(Directions for this task):
Starting with the line that contains "(Xvf lam2) f1" and stopping after the line that contains "Y2 = d/dw1\<close>", copy the entries below exactly. Include nothing else.

Collected data

---*---

theorem theorem6:
  fixes U :: "(real \<times> real \<times> real) set"
    and phi xi1 eta1 mu1 xi2 eta2 mu2 lam1 lam2 f1 f2 g1 g2 w1 w2 :: fn3
    and W1 W2 :: "(real \<times> real) set"
    and Phi1 Phi2 G1 G2 I1 I2 :: "real \<Rightarrow> real \<Rightarrow> real"
  assumes U_open: "open U"
    and phi_smooth: "smooth3_on U phi"
    \<comment> \<open>two non-equivalent generalized C-infinity-symmetries\<close>
    and sm1: "smooth3_on U xi1" "smooth3_on U eta1" "smooth3_on U mu1"
    and sm2: "smooth3_on U xi2" "smooth3_on U eta2" "smooth3_on U mu2"
    and sym1: "gen_Cinf_sym U phi xi1 eta1 mu1"
    and sym2: "gen_Cinf_sym U phi xi2 eta2 mu2"
    and noneq: "\<not> A_equivalent U phi xi1 eta1 mu1 xi2 eta2 mu2"
    \<comment> \<open>(d/du, lam_i) are their canonical representatives\<close>
    and Q1: "\<forall>(x,u,p)\<in>U. charQ xi1 eta1 x u p \<noteq> 0"
    and Q2: "\<forall>(x,u,p)\<in>U. charQ xi2 eta2 x u p \<noteq> 0"
    and lam1_def: "\<forall>(x,u,p)\<in>U. lam1 x u p = canon_lambda phi xi1 eta1 mu1 x u p"
    and lam2_def: "\<forall>(x,u,p)\<in>U. lam2 x u p = canon_lambda phi xi2 eta2 mu2 x u p"
    and lam_ne: "\<forall>(x,u,p)\<in>U. lam1 x u p - lam2 x u p \<noteq> 0"
    \<comment> \<open>f1, f2\<close>
    and f_smooth: "smooth3_on U f1" "smooth3_on U f2"
    and f_nz: "\<forall>(x,u,p)\<in>U. f1 x u p \<noteq> 0 \<and> f2 x u p \<noteq> 0"
    and f_eq: "\<forall>(x,u,p)\<in>U.
        (let rho = (vapp (Xvf lam1) lam2 x u p - vapp (Xvf lam2) lam1 x u p)
                   / (lam1 x u p - lam2 x u p)
         in vapp (Xvf lam1) f2 x u p / f2 x u p = rho
          \<and> vapp (Xvf lam2) f1 x u p / f1 x u p = rho)"
    \<comment> \<open>g1, g2 (Y_i = f_i X_i, rho_i = lam_i - A(f_i)/f_i)\<close>
    and g_smooth: "smooth3_on U g1" "smooth3_on U g2"
    and g_nz: "\<forall>(x,u,p)\<in>U. g1 x u p \<noteq> 0 \<and> g2 x u p \<noteq> 0"
    and g_eq: "\<forall>(x,u,p)\<in>U.
        vapp (Afield phi) g1 x u p
          = (lam1 x u p - vapp (Afield phi) f1 x u p / f1 x u p) * g1 x u p
      \<and> vapp (vscale f2 (Xvf lam2)) g1 x u p = 0
      \<and> vapp (Afield phi) g2 x u p
          = (lam2 x u p - vapp (Afield phi) f2 x u p / f2 x u p) * g2 x u p
      \<and> vapp (vscale f1 (Xvf lam1)) g2 x u p = 0"
    \<comment> \<open>local coordinates {x, w1, w2} with Y1 = d/dw2, Y2 = d/dw1\<close>
    and w_smooth: "smooth3_on U w1" "smooth3_on U w2"
    and w_inj: "inj_on (\<lambda>(x,u,p). (x, w1 x u p, w2 x u p)) U"
    and w_jac: "\<forall>(x,u,p)\<in>U. pd 1 w1 x u p * pd 2 w2 x u p - pd 2 w1 x u p * pd 1 w2 x u p \<noteq> 0"
    and Y_coords: "\<forall>(x,u,p)\<in>U.
        vapp (vscale f1 (Xvf lam1)) w1 x u p = 0 \<and> vapp (vscale f1 (Xvf lam1)) w2 x u p = 1
      \<and> vapp (vscale f2 (Xvf lam2)) w1 x u p = 1 \<and> vapp (vscale f2 (Xvf lam2)) w2 x u p = 0"
    \<comment> \<open>phi_i = A(w_i) = Phi_i(x,w_i), g1 = G1(x,w2), g2 = G2(x,w1) in these coordinates\<close>
    and W_open: "open W1" "open W2"
    and W_img: "\<forall>(x,u,p)\<in>U. (x, w1 x u p) \<in> W1 \<and> (x, w2 x u p) \<in> W2"
    and Phi_smooth: "smooth2_on W1 Phi1" "smooth2_on W2 Phi2"
    and G_smooth: "smooth2_on W2 G1" "smooth2_on W1 G2"
    and G_nz: "\<forall>(x,w)\<in>W2. G1 x w \<noteq> 0" "\<forall>(x,w)\<in>W1. G2 x w \<noteq> 0"
    and Phi_coord: "\<forall>(x,u,p)\<in>U.
        vapp (Afield phi) w1 x u p = Phi1 x (w1 x u p)
      \<and> vapp (Afield phi) w2 x u p = Phi2 x (w2 x u p)"
    and G_coord: "\<forall>(x,u,p)\<in>U. g1 x u p = G1 x (w2 x u p) \<and> g2 x u p = G2 x (w1 x u p)"
    \<comment> \<open>first integrals of the reduced equations with integrating factors 1/G2, 1/G1\<close>
    and I_smooth: "smooth2_on W1 I1" "smooth2_on W2 I2"
    and I1_fi: "first_integral_on W1 Phi1 (\<lambda>x w. 1 / G2 x w) I1"
    and I2_fi: "first_integral_on W2 Phi2 (\<lambda>x w. 1 / G1 x w) I2"
  shows
    "(\<forall>(C1::real) V H. open V \<and> smooth2_on V H \<and>
        (\<forall>(x,u)\<in>V. (x, u, H x u) \<in> U \<and> I1 x (w1 x u (H x u)) = C1)
        \<longrightarrow> integrating_factor_on V H (\<lambda>x u. 1 / (f1 x u (H x u) * g1 x u (H x u))))
   \<and> (\<forall>(C2::real) V H. open V \<and> smooth2_on V H \<and>
        (\<forall>(x,u)\<in>V. (x, u, H x u) \<in> U \<and> I2 x (w2 x u (H x u)) = C2)
        \<longrightarrow> integrating_factor_on V H (\<lambda>x u. 1 / (f2 x u (H x u) * g2 x u (H x u))))"
proof -
  have Xw1: "\<forall>(x,u,p)\<in>U. pd 1 w1 x u p + lam1 x u p * pd 2 w1 x u p = 0 \<and> pd 2 w1 x u p \<noteq> 0"
  proof clarify
    fix x u p assume "(x,u,p) \<in> U"
    then show "pd 1 w1 x u p + lam1 x u p * pd 2 w1 x u p = 0 \<and> pd 2 w1 x u p \<noteq> 0"
      using Y_coords f_nz by (intro vapp_scaled_Xvf_coordinate[where f'=f2 and lam'=lam2]) auto
  qed
  have Xw2: "\<forall>(x,u,p)\<in>U. pd 1 w2 x u p + lam2 x u p * pd 2 w2 x u p = 0 \<and> pd 2 w2 x u p \<noteq> 0"
  proof clarify
    fix x u p assume "(x,u,p) \<in> U"
    then show "pd 1 w2 x u p + lam2 x u p * pd 2 w2 x u p = 0 \<and> pd 2 w2 x u p \<noteq> 0"
      using Y_coords f_nz by (intro vapp_scaled_Xvf_coordinate[where f'=f1 and lam'=lam1]) auto
  qed
  show ?thesis
  proof (intro conjI allI impI; elim conjE)
    fix C1 V H
    assume "open V" "smooth2_on V H"
      and level: "\<forall>(x,u)\<in>V. (x, u, H x u) \<in> U \<and> I1 x (w1 x u (H x u)) = C1"
    show "integrating_factor_on V H (\<lambda>x u. 1 / (f1 x u (H x u) * g1 x u (H x u)))"
      by (rule integrating_factor_of_auxiliary_equation[OF U_open W_open(1) \<open>open V\<close> f_smooth(1)
            g_smooth(1) w_smooth(1) I_smooth(1) \<open>smooth2_on V H\<close> _ Xw1 _ I1_fi G_nz(2) _ _ level])
        (use W_img Phi_coord g_eq f_nz g_nz in auto)
  next
    fix C2 V H
    assume "open V" "smooth2_on V H"
      and level: "\<forall>(x,u)\<in>V. (x, u, H x u) \<in> U \<and> I2 x (w2 x u (H x u)) = C2"
    show "integrating_factor_on V H (\<lambda>x u. 1 / (f2 x u (H x u) * g2 x u (H x u)))"
      by (rule integrating_factor_of_auxiliary_equation[OF U_open W_open(2) \<open>open V\<close> f_smooth(2)
            g_smooth(2) w_smooth(2) I_smooth(2) \<open>smooth2_on V H\<close> _ Xw2 _ I2_fi G_nz(1) _ _ level])
        (use W_img Phi_coord g_eq f_nz g_nz in auto)
  qed
qed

---*---

(Answer box):
          \<and> vapp (Xvf lam2) f1 x u p / f1 x u p = rho)"
    \<comment> \<open>g1, g2 (Y_i = f_i X_i, rho_i = lam_i - A(f_i)/f_i)\<close>
    and g_smooth: "smooth3_on U g1" "smooth3_on U g2"
    and g_nz: "\<forall>(x,u,p)\<in>U. g1 x u p \<noteq> 0 \<and> g2 x u p \<noteq> 0"
    and g_eq: "\<forall>(x,u,p)\<in>U.
        vapp (Afield phi) g1 x u p
          = (lam1 x u p - vapp (Afield phi) f1 x u p / f1 x u p) * g1 x u p
      \<and> vapp (vscale f2 (Xvf lam2)) g1 x u p = 0
      \<and> vapp (Afield phi) g2 x u p
          = (lam2 x u p - vapp (Afield phi) f2 x u p / f2 x u p) * g2 x u p
      \<and> vapp (vscale f1 (Xvf lam1)) g2 x u p = 0"
    \<comment> \<open>local coordinates {x, w1, w2} with Y1 = d/dw2, Y2 = d/dw1\<close>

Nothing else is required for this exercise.